假设这些数据以及其他收集的数据被用于训练一个卷积神经网络 (convnet)。训练完成后,检查模型以评估放射性数据的使用情况。访问该卷积神经网络的方式有两种:(1) 显式访问(当模型及对应权重可用时,即白盒场景),或 (2) 隐式访问(仅能获取决策分数时,即黑盒场景)。基于这些信息,我们回答该模型是否使用了放射性数据进行训练,还是仅使用了普通数据。我们希望以 $p$ 值的形式为答案提供统计保证。

Passive techniques such as those employed to measure dataset bias (Torralba et al., 2011) or to do membership inference (S a blay roll es et al., 2019; Shokri et al., 2017) cannot provide sufficient empirical or statistical guarantees. More importantly, their measurement is relatively weak and therefore cannot be considered as an evidence: they are likely to confuse datasets having the same underlying statistics. In contrast, we target a $p$ -value much below $0.1%$ , meaning there is a very low probability that the results we observe are obtained by chance.

用于测量数据集偏差 (Torralba et al., 2011) 或进行成员推理 (S a blay roll es et al., 2019; Shokri et al., 2017) 的被动技术无法提供足够的实证或统计保证。更重要的是,它们的测量相对较弱,因此不能作为证据:它们可能会混淆具有相同基础统计特征的数据集。相比之下,我们的目标是 $p$ 值远低于 $0.1%$,这意味着我们观察到的结果纯属偶然的概率极低。

Therefore, we focus on active techniques, where we apply visually imperceptible changes to the images. We consider the following three criteria: (1) The change should be tiny, as measured by an image quality metric like PSNR (Peak Signal to Noise Ratio); (2) The technique should be reasonably neutral with respect to the end-task, i.e., the accuracy of the model trained with the marked dataset should not be significantly modified; (3) The method should not be detectable by a visual analysis of failure cases and should be immune to a re-annotation of the dataset.
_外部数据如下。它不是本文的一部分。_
(* The hull is sequentially compact along translates of T: recentring a translate so that one
   of finitely many prototiles sits at its original place, finite local complexity leaves only
   finitely many patterns within each radius, and a diagonal argument produces a cluster point.
   Hence the continuous eigenfunction f is uniformly continuous along the orbit: if T + u and
   T + v agree on a large ball, then the quotient f (T + v) / f (T + u), a pure phase depending
   only on v - u, is close to 1.  Every S in the hull agrees on a given ball with a translate
   T + u for which f S is close to f (T + u), and tiles have uniformly bounded diameter, so two
   elements of the hull with the same nonempty tiles inside a large ball have close values of f.
   The second claim follows because every element of A_P has the same tiles as P inside a ball
   covered by P. *)

theory Submission
  imports Defs
begin

section \<open>Translating tiles and patches\<close>

lemma fst_tile_transl: "fst (tile_transl t v) = (+) v ` fst t"
  unfolding tile_transl_def by (auto simp: add.commute)

lemma tile_transl_add: "tile_transl (tile_transl t u) v = tile_transl t (u + v)"
  unfolding tile_transl_def by (auto simp: image_image add.assoc)

lemma tile_transl_0 [simp]: "tile_transl t 0 = t"
  unfolding tile_transl_def by (cases t) auto

lemma patch_transl_add [simp]: "patch_transl (patch_transl P u) v = patch_transl P (u + v)"
  unfolding patch_transl_def by (auto simp: image_image tile_transl_add)
lemma sobolev_summable_of_Dpow_add:
  fixes u h :: "int \<Rightarrow> complex"
  assumes "0 \<le> a"
    and L2: "sobolev_summable 0 (\<lambda>n. Dpow m u n + h n)" and h: "sobolev_summable (- a) h"
  shows "sobolev_summable (2 * real m - a) u"
proof -
  define g where "g n = Dpow m u n + h n" for n
  have "(\<lambda>n. (cmod (g n))\<^sup>2) summable_on UNIV"
    using L2 by (simp add: sobolev_summable_def g_def)
  moreover have "(\<lambda>n. jbr n powr (2 * - a) * (cmod (h n))\<^sup>2) summable_on UNIV"
    using h by (simp add: sobolev_summable_def)
  ultimately have "(\<lambda>n. 2 * 16 ^ m * ((cmod (g n))\<^sup>2 + jbr n powr (2 * - a) * (cmod (h n))\<^sup>2)) summable_on UNIV"
    by (intro summable_on_cmult_right summable_on_add)
  then have "(\<lambda>n. 2 * 16 ^ m * ((cmod (g n))\<^sup>2 + jbr n powr (2 * - a) * (cmod (h n))\<^sup>2)) summable_on UNIV - {0}"
    by (rule summable_on_subset_banach) simp
  then have "(\<lambda>n. jbr n powr (2 * (2 * real m - a)) * (cmod (u n))\<^sup>2) summable_on UNIV - {0}"
  proof (rule summable_on_comparison_test)
    fix n :: int assume "n \<in> UNIV - {0}"
    moreover have "complex_of_real ((real_of_int n * pi) ^ (2 * m)) * u n = g n - h n"
      by (simp add: g_def Dpow_def)
    ultimately show "jbr n powr (2 * (2 * real m - a)) * (cmod (u n))\<^sup>2
        \<le> 2 * 16 ^ m * ((cmod (g n))\<^sup>2 + jbr n powr (2 * - a) * (cmod (h n))\<^sup>2)"
      using weighted_norm_le_of_Dpow_eq[OF _ \<open>0 \<le> a\<close>] by simp
  qed simp
  then have "(\<lambda>n. jbr n powr (2 * (2 * real m - a)) * (cmod (u n))\<^sup>2) summable_on insert 0 (UNIV - {0})"
    by (rule summable_on_insert_iff[THEN iffD2])
  then show ?thesis
    unfolding sobolev_summable_def by (simp add: insert_absorb)
qed

theorem theorem2:
  fixes m :: nat and \<alpha> :: real and V :: "int \<Rightarrow> complex" and pm :: bool
  assumes "m \<ge> 1"
    and "0 \<le> \<alpha>" and "\<alpha> \<le> 1"
    and "V \<in> Hsp True (- (real m * \<alpha>))"
  shows "DomS pm m V \<subseteq> Hsp pm (real m * (2 - \<alpha>))"
proof
  fix u assume "u \<in> DomS pm m V"
  then have u: "u \<in> Hsp pm (real m)" and g: "(\<lambda>n. Dpow m u n + fmult V u n) \<in> Hsp pm 0"
    by (simp_all add: DomS_def)
  have a: "0 \<le> real m * \<alpha>" "real m * \<alpha> \<le> real m"
    using assms by (simp_all add: mult_left_le)
  have "sobolev_summable (- (real m * \<alpha>)) (fmult V u)"
    using assms(1,4) u a by (intro sobolev_summable_fmult[where M = "real m"]) (simp_all add: Hsp_iff_sobolev_summable)
  then have "sobolev_summable (2 * real m - real m * \<alpha>) u"
    using g a by (intro sobolev_summable_of_Dpow_add) (simp_all add: Hsp_iff_sobolev_summable)
  moreover have "2 * real m - real m * \<alpha> = real m * (2 - \<alpha>)"
    by (simp add: algebra_simps)
  ultimately show "u \<in> Hsp pm (real m * (2 - \<alpha>))"
    using u by (simp add: Hsp_iff_sobolev_summable)
qed

end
This disqualifies techniques that employ incorrect labels as a mark, which are easy to detect by a simple analysis of the failure cases. Similarly the “backdoor” techniques are easy to identify and circumvent with outlier detection (Tran et al., 2018).

因此,我们专注于主动技术,即对图像施加视觉上难以察觉的改动。我们考虑以下三个标准:(1) 改动应足够微小,可通过PSNR (峰值信噪比) 等图像质量指标衡量;(2) 该技术对终端任务应保持相对中立,即使用标记数据集训练的模型准确率不应受到显著影响;(3) 该方法不应通过对失败案例的视觉分析被检测到,且能抵御数据集的重新标注。这排除了使用错误标签作为标记的技术——通过简单分析失败案例即可轻易识别此类标记。同样地,"后门"技术也容易通过异常值检测被识别和规避 (Tran et al., 2018)。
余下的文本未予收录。